No studies have directly compared low-dose, medium-dose and high-dose aspirin therapies for stroke prevention. Thus, the American College of Chest Physicians currently recommends aspirin in a dosage of 50 to 325 mg per day for stroke prevention.11
Ticlopidine. Adenosine diphosphate (ADP) is a nucleotide involved in platelet aggregation and fibrinogen binding to the glycoprotein IIb/IIIa receptor. Ticlopidine prevents these actions, thereby inhibiting platelets for their entire life span.57,58 Studies have shown that ticlopidine (250 mg administered orally twice daily) is more effective than placebo or aspirin in preventing a second thromboembolic stroke.59,60
The adverse events noted in ticlopidine clinical trials were neutropenia, thrombocytopenia, diarrhea, rash, abnormal liver function tests and elevated cholesterol levels.59,60 The manufacturer of ticlopidine recommends close monitoring of complete blood counts with differentials for the first three months of therapy to detect blood dyscrasias.61
Clopidogrel. In early 1998, the U.S. Food and Drug Administration (FDA) labeled clopidogrel for use in the reduction of atherosclerotic events in patients with atherosclerosis documented by recent stroke, recent myocardial infarction or established peripheral arterial disease. By irreversibly inhibiting ADP-induced platelet aggregation, clopidogrel prevents clot formation in a similar fashion as ticlopidine.62
In the major trial leading to the FDA labeling of clopidogrel,63 19,185 patients were given either clopidogrel (75 mg per day) or aspirin (325 mg per day). Patients selected for the trial had previous ischemic stroke, myocardial infarction or atherosclerotic peripheral arterial disease. Efficacy was determined by the subsequent occurrence of ischemic stroke, myocardial infarction or vascular death. The incidence of any one of these outcomes was 5.32 percent per year in the clopidogrel-treated group and 5.83 percent per year in the aspirin-treated group, a small but statistically significant difference (P = 0.043).
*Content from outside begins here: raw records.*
lemma Vd_gram_orth_complement_splits:
  assumes eV: "\<And>i. i \<in> {1..d} \<Longrightarrow> e i \<in> V" and g: "Vd_gram B d e"
    and W: "submod U (vec.span (e ` {1..d}))"
  shows "perp2 U B V (vec.span (e ` {1..d})) {x \<in> V. \<forall>w\<in>vec.span (e ` {1..d}). bil B w x = 0}"
    (is "perp2 U B V ?W ?W'")
proof -
  have WV: "?W \<subseteq> V"
    using eV vec.span_minimal[OF _ subspace_V] by blast
  have e_W: "e i \<in> ?W" if "i \<in> {1..d}" for i
    using that by (simp add: vec.span_base)
  have "?W \<inter> ?W' = {0}"
    using Vd_gram_span_orth_eq_0[OF eV g] e_W orth_complement_submod[OF WV W]
      vec.subspace_0[OF vec.subspace_span] vec.subspace_0
    unfolding submod_def by blast
  moreover have "x \<in> {w + w' | w w'. w \<in> ?W \<and> w' \<in> ?W'}" if xV: "x \<in> V" for x
  proof -
    define p where "p = (\<Sum>i\<in>{1..d}. bil B (e (d + 1 - i)) x *s e i)"
    have pW: "p \<in> ?W"
      unfolding p_def by (intro vec.span_sum vec.span_scale e_W) auto
    have "bil B (e j) (x - p) = 0" if "j \<in> {1..d}" for j
      using Vd_gram_coordinate_right[OF eV g that] that by (simp add: p_def bil_diff_right)
    then have "bil B y (x - p) = 0" if "y \<in> ?W" for y
      using bil_span_left_eq_0[OF that] by blast
    then have "x - p \<in> ?W'"
      using diff_in_V xV pW WV by blast
    then show ?thesis
      using pW by force
  qed
  then have "{w + w' | w w'. w \<in> ?W \<and> w' \<in> ?W'} = V"
    using WV add_in_V by auto
  ultimately show ?thesis
    unfolding perp2_def using W orth_complement_submod[OF WV W] by blast
qed

lemma Vd_splits_off:
  assumes eV: "\<And>i. i \<in> {1..d} \<Longrightarrow> e i \<in> V" and act: "Vd_action U d e" and g: "Vd_gram B d e"
  shows "\<exists>W W'. perp2 U B V W W' \<and> isVd U B W d"
  using Vd_gram_orth_complement_splits[OF eV g Vd_action_submod[OF act]]
    Vd_gram_inj[OF g] Vd_gram_independent[OF g] act g
  unfolding isVd_iff by blast

lemma normalized_splits_off:
  assumes nf: "normalized m f" and m: "m \<ge> 1"
  shows "\<exists>W W'. perp2 U B V W W' \<and> isVd U B W (2 * m)"
proof (rule Vd_splits_off)
  show "\<And>i. i \<in> {1..2 * m} \<Longrightarrow> Vd_basis m f i \<in> V"
    using Vd_basis_in_V nf normalized_def by blast
qed (use Vd_basis_action[OF nf m] Vd_basis_gram[OF nf m] in auto)

lemma witness_even:
  assumes "v \<in> V" "Xpow U d v = 0" "bil B (Xpow U (d - 1) v) v \<noteq> 0" "d > 0"
  shows "even d"
proof (rule ccontr)
  assume "odd d"
  then obtain k where k: "d = 2 * k + 1"
    using oddE by blast
  then have "psi v (d - 1) k = 0"
    using psi_double_diag assms(1) by simp
  then show False
    using psi_top assms by simp
qed
text \<open>First every element commutes modulo \<open>K\<close> with the generators, then with every element.\<close>
lemma derived_generate_subset:
  assumes K: "K \<lhd> G" and S: "S \<subseteq> carrier G"
    and comm: "\<And>g h. g \<in> S \<Longrightarrow> h \<in> S \<Longrightarrow> commutator G g h \<in> K"
  shows "derived G (generate G S) \<subseteq> K"
proof -
  interpret K: normal K G by (rule K)
  have gen_sub: "generate G S \<subseteq> carrier G" using generate_incl[OF S] .
  have gen: "generate G S \<subseteq> {x \<in> carrier G. commutator G x h \<in> K}" if "h \<in> carrier G"
    and "\<And>g. g \<in> S \<Longrightarrow> commutator G g h \<in> K" for h
    using that S by (intro generate_subgroup_incl subgroup_commutes_mod K) auto
  have step1: "commutator G x h \<in> K" if "x \<in> generate G S" "h \<in> S" for x h
    using gen[of h] that comm S by blast
  have "commutator G x y \<in> K" if "x \<in> generate G S" "y \<in> generate G S" for x y
  proof -
    have "commutator G g y \<in> K" if "g \<in> S" for g
      using step1[OF \<open>y \<in> generate G S\<close> that] inv_commutator gen_sub S that \<open>y \<in> generate G S\<close>
      by (metis K.subgroup_axioms subgroup.m_inv_closed subsetD)
    then show ?thesis using gen[of y] that gen_sub by blast
  qed
  then have "derived_set G (generate G S) \<subseteq> K" unfolding commutator_def by blast
  then show ?thesis unfolding derived_def by (rule generate_subgroup_incl) (rule K.subgroup_axioms)
qed
lemma integrable_on_continuous_UNIV:
  fixes g :: "real \<Rightarrow> real"
  shows "continuous_on UNIV g \<Longrightarrow> g integrable_on {a..b}"
  by (rule integrable_continuous_real, erule continuous_on_subset) auto

lemma primitive0_eq_integral_diff:
  assumes g: "continuous_on UNIV g" and "-R \<le> u" "u \<le> R"
  shows "primitive0 g u = integral {-R..u} g - integral {-R..0} g"
proof (cases "0 \<le> u")
  case True
  then have "integral {-R..0} g + integral {0..u} g = integral {-R..u} g"
    using assms integrable_on_continuous_UNIV[OF g]
      Henstock_Kurzweil_Integration.integral_combine[where a="-R" and c=0 and b=u and f=g]
    by auto
  then show ?thesis using True by (simp add: primitive0_def)
next
  case False
  then have "integral {-R..u} g + integral {u..0} g = integral {-R..0} g"
    using assms integrable_on_continuous_UNIV[OF g]
      Henstock_Kurzweil_Integration.integral_combine[where a="-R" and c=u and b=0 and f=g]
    by auto
  then show ?thesis using False by (simp add: primitive0_def)
qed

lemma primitive0_has_real_derivative:
  assumes g: "continuous_on UNIV g"
  shows "(primitive0 g has_real_derivative g t) (at t)"
proof -
  define R where "R = \<bar>t\<bar> + 1"
  have "((\<lambda>u. integral {-R..u} g) has_real_derivative g t) (at t within {-R..R})"
    by (rule integral_has_real_derivative) (auto intro: continuous_on_subset[OF g] simp: R_def)
  moreover have "at t within {-R..R} = at t"
    by (rule at_within_Icc_at) (auto simp: R_def)
  ultimately have "((\<lambda>u. integral {-R..u} g - integral {-R..0} g) has_real_derivative g t) (at t)"
    by (auto intro!: derivative_eq_intros)
  then show ?thesis
    by (rule has_field_derivative_transform_within_open[where S="{-R<..<R}"])
       (auto simp: R_def primitive0_eq_integral_diff[OF g, of "\<bar>t\<bar> + 1"])
qed

lemma primitive0_0 [simp]: "primitive0 g 0 = 0"
  by (simp add: primitive0_def)

lemma continuous_on_primitive0: "continuous_on UNIV g \<Longrightarrow> continuous_on UNIV (primitive0 g)"
  by (meson DERIV_isCont primitive0_has_real_derivative continuous_at_imp_continuous_on)

lemma primitive0_diff:
  assumes "continuous_on UNIV g" "continuous_on UNIV h"
  shows "primitive0 g t - primitive0 h t = primitive0 (\<lambda>s. g s - h s) t"
  using assms by (auto simp: primitive0_def integral_diff integrable_on_continuous_UNIV)

lemma integral_exp_mult:
  fixes a b c :: real
  assumes "a \<le> b" "c \<noteq> 0"
  shows "integral {a..b} (\<lambda>s. exp (c * s)) = (exp (c * b) - exp (c * a)) / c"
proof -
  have "((\<lambda>s. exp (c * s)) has_integral (exp (c * b) / c - exp (c * a) / c)) {a..b}"
    using assms
    by (intro fundamental_theorem_of_calculus)
       (auto intro!: derivative_eq_intros
         simp: has_real_derivative_iff_has_vector_derivative[symmetric])
  then show ?thesis by (simp add: integral_unique diff_divide_distrib)
qed
lemma lim_pmf_moran_dist_vertices_ge:
  assumes S0: "S0 \<subseteq> {1..N}"
    and drift: "\<And>S. S \<subseteq> {1..N} \<Longrightarrow> 0 \<le> drift g S"
    and g: "\<And>k. k \<le> N \<Longrightarrow> g k \<le> of_bool (0 < k)"
    and transient: "(\<lambda>n. measure_pmf.expectation (moran_dist EA EB N S0 n)
                      (\<lambda>T. of_bool (0 < card T \<and> card T < N) :: real)) \<longlonglongrightarrow> 0"
  shows "g (card S0) \<le> lim (\<lambda>n. pmf (moran_dist EA EB N S0 n) {1..N})"
proof -
  let ?t = "\<lambda>n. measure_pmf.expectation (moran_dist EA EB N S0 n)
                 (\<lambda>T. of_bool (0 < card T \<and> card T < N))"
  have "g (card S0) \<le> pmf (moran_dist EA EB N S0 n) {1..N} + ?t n" for n
  proof -
    have "g (card S0) \<le> measure_pmf.expectation (moran_dist EA EB N S0 n) (\<lambda>T. g (card T))"
      by (rule expectation_moran_dist_card_ge[OF S0 drift])
    also have "\<dots> \<le> measure_pmf.expectation (moran_dist EA EB N S0 n)
                     (\<lambda>T. of_bool (card T = N) + of_bool (0 < card T \<and> card T < N))"
    proof (rule expectation_moran_dist_mono[OF S0])
      fix T assume "T \<subseteq> {1..N}"
      then have "card T \<le> N" using card_mono[of "{1..N}"] by simp
      then show "g (card T) \<le> of_bool (card T = N) + of_bool (0 < card T \<and> card T < N)"
        using g[of "card T"] N_pos by auto
    qed
    also have "\<dots> = pmf (moran_dist EA EB N S0 n) {1..N} + ?t n"
      using integrable_moran_dist[OF S0] by (simp add: pmf_moran_dist_vertices[OF S0])
    finally show ?thesis .
  qed
  moreover have "(\<lambda>n. pmf (moran_dist EA EB N S0 n) {1..N} + ?t n)
      \<longlonglongrightarrow> lim (\<lambda>n. pmf (moran_dist EA EB N S0 n) {1..N}) + 0"
    using convergent_pmf_moran_dist_vertices[OF S0] transient
    by (intro tendsto_add) (auto simp: convergent_LIMSEQ_iff)
  ultimately show ?thesis
    by (intro LIMSEQ_le_const) auto
qed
Clopidogrel appears to have a more promising side effect profile than ticlopidine. In its major clinical trial,63 clopidogrel was more likely to cause rash and diarrhea than aspirin; conversely, aspirin caused nausea, vomiting and gastrointestinal hemorrhage more frequently than clopidogrel. The recommended dosage of clopidogrel is 75 mg per day taken with or without food.64
Warfarin. Few studies have investigated the use of warfarin therapy for stroke prevention outside the setting of atrial fibrillation. The Stroke Prevention in Reversible Ischemia Trial (SPIRIT)65 was halted early because of excess major bleeding complications, particularly intracerebral hemorrhage, in the anticoagulation group. According to investigators in this trial, high-intensity anticoagulation (i.e., International Normalized Ratio [INR] of 3.0 to 4.5) is a customary practice in many European countries. In the United States, an INR range of 2.0 to 3.0 is usually employed for ischemic stroke prevention. SPIRIT demonstrated a clear incremental relationship between hemorrhagic complications and increasing INR, with each 0.5-unit increase in the INR causing the incidence of bleeding to increase by a factor of 1.43.
It is unclear what a comparison of aspirin and warfarin at the standard U.S. INR ranges would show. A single retrospective study66 reviewed outcomes in patients with angiographically identified intracranial artery stenosis who were treated with either warfarin (n = 88) or aspirin (n = 63). A statistically significant difference in the number of recurrent events favored the use of warfarin over aspirin (P <0.01).
A prospective, double-blind randomized study comparing warfarin and aspirin in the prevention of stroke secondary to intracranial stenosis is currently being conducted.